Early Law Careers of Male and Female Lawyers in the United States and Germany: A Comparative Study of Work, Family, and Childbearing (GR 12-01)

by John Hagan and Gabriele Plickert, American Bar Foundation

Executive Summary

This study compares young German lawyers practicing in Frankfurt and Berlin with young U.S. lawyers practicing in New York and Washington, DC. These lawyers are at ages and stages when they are most likely to marry and have children. The U.S. law profession often is characterized in terms of hierarchically structured “mega law firms” that reward closely monitored performance. German firms tend to be smaller, with less rigid performance expectations, and with more flexibility in work arrangements. There is much to be learned from a comparative look at German and U.S. lawyers. The biggest and perhaps most notable difference is that young German female lawyers are more likely to have had children, and to have had them earlier than their U.S. counterparts.

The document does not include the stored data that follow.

(* Let $T^\sigma=(T,\sigma)$ be a signed tree, where $T$ is not a path, such that every special exterior major vertex $t_k$ of $T^\sigma$ satisfies $\mathrm{ter}(t_k)\neq 2$. Then $\dim(T^\sigma)=\dim(T)-|\eta(T^\sigma)|$, i.e. $\mathrm{mdd}(T^\sigma)=|\eta(T^\sigma)|$.
   Context: A signed graph $\Sigma=(G,\sigma)$ consists of a finite simple connected graph $G=(V,E)$ and a signature $\sigma:E\to\{+1,-1\}$. In a signed tree every pair of vertices $u,v$ is joined by a unique path $P(u,v)$, and the signed distance is $d_\Sigma(u,v)=\sigma(P(u,v))\,d(u,v)$, where $d$ is the usual distance and $\sigma(P)$ is the product of edge signs of $P$. For an ordered subset $W=(w_1,\dots,w_k)$ of vertices, $r_\Sigma(v|W)=(d_\Sigma(v,w_1),\dots,d_\Sigma(v,w_k))$; $W$ is a resolving set if distinct vertices have distinct representations; $\dim(T^\sigma)$ is the minimum size of a resolving set, and $\dim(T)$ is defined analogously for the unsigned tree using $d$. The metric dimensional difference is $\mathrm{mdd}(T^\sigma)=\dim(T)-\dim(T^\sigma)$. Tree terminology: a leaf is a vertex of degree $1$; a major vertex is a vertex of degree at least $3$; a leaf $u$ is a terminal vertex of a major vertex $v$ if $d(u,v)<d(u,w)$ for every other major vertex $w$; the terminal degree $\mathrm{ter}(v)$ is the number of terminal vertices of $v$; an exterior major vertex is a major vertex with positive terminal degree. A leg of an exterior major vertex $t_k$ is the path from $t_k$ to one of its terminal vertices; $L_{k,j}$ is the set of vertices (other than $t_k$) on the $j$-th leg of $t_k$, and a vertex $u\in L_{k,j}$ has index $i$ if $d(t_k,u)=i$. An exterior major vertex $t_k$ is special if there are two distinct legs $L_{k,n}$, $L_{k,m}$ of $t_k$ such that for every index $i$, whenever $u_i\in L_{k,n}$ and $v_i\in L_{k,m}$ both have index $i$, one has $d_\Sigma(t_k,u_i)\neq d_\Sigma(t_k,v_i)$ (i.e. the paths from $t_k$ to $u_i$ and to $v_i$ have opposite signs). $\eta(T^\sigma)$ denotes the set of special exterior major vertices. *)

theory Defs
  imports Main
begin

definition simple_graph :: "'a set \<Rightarrow> 'a set set \<Rightarrow> bool" where
  "simple_graph V E \<longleftrightarrow> finite V \<and>
     (\<forall>e\<in>E. \<exists>u v. e = {u, v} \<and> u \<noteq> v \<and> u \<in> V \<and> v \<in> V)"

definition is_gpath :: "'a set \<Rightarrow> 'a set set \<Rightarrow> 'a list \<Rightarrow> 'a \<Rightarrow> 'a \<Rightarrow> bool" where
  "is_gpath V E xs u v \<longleftrightarrow> xs \<noteq> [] \<and> hd xs = u \<and> last xs = v \<and> distinct xs \<and>
     set xs \<subseteq> V \<and> (\<forall>i. Suc i < length xs \<longrightarrow> {xs ! i, xs ! Suc i} \<in> E)"

definition tree :: "'a set \<Rightarrow> 'a set set \<Rightarrow> bool" where
  "tree V E \<longleftrightarrow> simple_graph V E \<and> V \<noteq> {} \<and>
     (\<forall>u\<in>V. \<forall>v\<in>V. \<exists>!xs. is_gpath V E xs u v)"

definition is_path_graph :: "'a set \<Rightarrow> 'a set set \<Rightarrow> bool" where
  "is_path_graph V E \<longleftrightarrow> (\<exists>xs. distinct xs \<and> set xs = V \<and>
     E = {{xs ! i, xs ! Suc i} | i. Suc i < length xs})"

definition tpath :: "'a set \<Rightarrow> 'a set set \<Rightarrow> 'a \<Rightarrow> 'a \<Rightarrow> 'a list" where
  "tpath V E u v = (THE xs. is_gpath V E xs u v)"

definition tdist :: "'a set \<Rightarrow> 'a set set \<Rightarrow> 'a \<Rightarrow> 'a \<Rightarrow> nat" where
  "tdist V E u v = length (tpath V E u v) - 1"

definition signature :: "'a set set \<Rightarrow> ('a set \<Rightarrow> int) \<Rightarrow> bool" where
  "signature E \<sigma> \<longleftrightarrow> (\<forall>e\<in>E. \<sigma> e = 1 \<or> \<sigma> e = -1)"

definition path_sign :: "('a set \<Rightarrow> int) \<Rightarrow> 'a list \<Rightarrow> int" where
  "path_sign \<sigma> xs = prod_list (map (\<lambda>i. \<sigma> {xs ! i, xs ! Suc i}) [0..<length xs - 1])"

definition sdist :: "'a set \<Rightarrow> 'a set set \<Rightarrow> ('a set \<Rightarrow> int) \<Rightarrow> 'a \<Rightarrow> 'a \<Rightarrow> int" where
  "sdist V E \<sigma> u v = path_sign \<sigma> (tpath V E u v) * int (tdist V E u v)"

text \<open>Resolving sets and metric dimension w.r.t. a distance function d.
  Representations r(v|W) of distinct vertices differ iff they differ at some w in W.\<close>
definition resolving :: "'a set \<Rightarrow> ('a \<Rightarrow> 'a \<Rightarrow> int) \<Rightarrow> 'a set \<Rightarrow> bool" where
  "resolving V d W \<longleftrightarrow> W \<subseteq> V \<and>
     (\<forall>u\<in>V. \<forall>v\<in>V. u \<noteq> v \<longrightarrow> (\<exists>w\<in>W. d u w \<noteq> d v w))"

definition metric_dim :: "'a set \<Rightarrow> ('a \<Rightarrow> 'a \<Rightarrow> int) \<Rightarrow> nat" where
  "metric_dim V d = Min {card W | W. resolving V d W}"

definition dim_tree :: "'a set \<Rightarrow> 'a set set \<Rightarrow> nat" where
  "dim_tree V E = metric_dim V (\<lambda>u v. int (tdist V E u v))"

definition dim_signed :: "'a set \<Rightarrow> 'a set set \<Rightarrow> ('a set \<Rightarrow> int) \<Rightarrow> nat" where
  "dim_signed V E \<sigma> = metric_dim V (sdist V E \<sigma>)"

definition degree :: "'a set \<Rightarrow> 'a set set \<Rightarrow> 'a \<Rightarrow> nat" where
  "degree V E v = card {u \<in> V. {u, v} \<in> E}"

definition leaf :: "'a set \<Rightarrow> 'a set set \<Rightarrow> 'a \<Rightarrow> bool" where
  "leaf V E v \<longleftrightarrow> v \<in> V \<and> degree V E v = 1"

definition major :: "'a set \<Rightarrow> 'a set set \<Rightarrow> 'a \<Rightarrow> bool" where
  "major V E v \<longleftrightarrow> v \<in> V \<and> degree V E v \<ge> 3"

definition terminal_of :: "'a set \<Rightarrow> 'a set set \<Rightarrow> 'a \<Rightarrow> 'a \<Rightarrow> bool" where
  "terminal_of V E u v \<longleftrightarrow> leaf V E u \<and> major V E v \<and>
     (\<forall>w. major V E w \<and> w \<noteq> v \<longrightarrow> tdist V E u v < tdist V E u w)"

definition ter :: "'a set \<Rightarrow> 'a set set \<Rightarrow> 'a \<Rightarrow> nat" where
  "ter V E v = card {u \<in> V. terminal_of V E u v}"

definition exterior_major :: "'a set \<Rightarrow> 'a set set \<Rightarrow> 'a \<Rightarrow> bool" where
  "exterior_major V E v \<longleftrightarrow> major V E v \<and> ter V E v > 0"

definition leg :: "'a set \<Rightarrow> 'a set set \<Rightarrow> 'a \<Rightarrow> 'a \<Rightarrow> 'a set" where
  "leg V E t u = set (tpath V E t u) - {t}"

definition special :: "'a set \<Rightarrow> 'a set set \<Rightarrow> ('a set \<Rightarrow> int) \<Rightarrow> 'a \<Rightarrow> bool" where
  "special V E \<sigma> t \<longleftrightarrow> exterior_major V E t \<and>
     (\<exists>n m. n \<noteq> m \<and> terminal_of V E n t \<and> terminal_of V E m t \<and>
        (\<forall>i x y. x \<in> leg V E t n \<and> y \<in> leg V E t m \<and>
            tdist V E t x = i \<and> tdist V E t y = i \<longrightarrow> sdist V E \<sigma> t x \<noteq> sdist V E \<sigma> t y))"

definition eta :: "'a set \<Rightarrow> 'a set set \<Rightarrow> ('a set \<Rightarrow> int) \<Rightarrow> 'a set" where
  "eta V E \<sigma> = {t \<in> V. special V E \<sigma> t}"

end

theory Submission imports Defs begin

(*
  Write L for the set of terminal vertices and Ext for the set of exterior major vertices. For
  every signature satisfying the hypotheses we show dim(T^sigma) = |L| - |Ext| - |eta(T^sigma)|.
  For the all-positive signature the signed distance is the ordinary one and no vertex is
  special, so this contains the classical formula dim(T) = |L| - |Ext|, and the theorem follows
  by subtraction.

  Lower bound: call the leg of a terminal vertex free if it contains no vertex of the resolving
  set W. Every vertex off a leg of t sees the vertices of that leg through t, so two vertices at
  the same distance from t on two free legs are resolved only if their signed distances from t
  differ: two free legs at t make t special, and three are impossible even then, since the first
  vertices of the legs have signed distance +1 or -1 from t. The other legs are disjoint and each
  contains a vertex of W.

  Upper bound: at every exterior major vertex omit one terminal vertex, and a special pair of
  them at special vertices; the remaining terminal vertices form W. Two vertices x, y unresolved
  by W are unresolved by unsigned distances as well, so the middle vertex c of the path between
  them has two branches, containing x and y, that avoid W. A major vertex in these branches
  yields, at the farthest one, a terminal vertex of W inside them. Otherwise c is major (T is not
  a path), x and y lie on the omitted special pair of legs of c, and a terminal vertex of c kept
  in W, which exists because ter(c) is not 2, sees x and y through c and separates them.
*)

section \<open>Paths and path signs\<close>

lemma is_gpath_iff_successively:
  "is_gpath V E xs u v \<longleftrightarrow> xs \<noteq> [] \<and> hd xs = u \<and> last xs = v \<and> distinct xs \<and>
     set xs \<subseteq> V \<and> successively (\<lambda>a b. {a,b} \<in> E) xs"
  by (simp add: is_gpath_def successively_conv_nth)

definition is_walk :: "'a set \<Rightarrow> 'a set set \<Rightarrow> 'a list \<Rightarrow> bool" where
  "is_walk V E xs \<longleftrightarrow> xs \<noteq> [] \<and> set xs \<subseteq> V \<and> successively (\<lambda>a b. {a,b} \<in> E) xs"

The biggest and most notable similarity is that both in German and U.S. larger firms, women are less likely to have children and more likely to have them later. The higher incentive for young female lawyers in large U.S. firms to have no children—or only one child later in life—is the greater potential for professional advancement. The higher incentive of young female lawyers in smaller German firms to have one or more children, and to have them earlier in life, is their more flexible part- and full-time work arrangements. The more traditional legal culture of Germany may ironically offer greater autonomy for parenting but reduced economic rewards, while the mega law culture of the United States may offer less autonomy for parenting but enhanced economic rewards.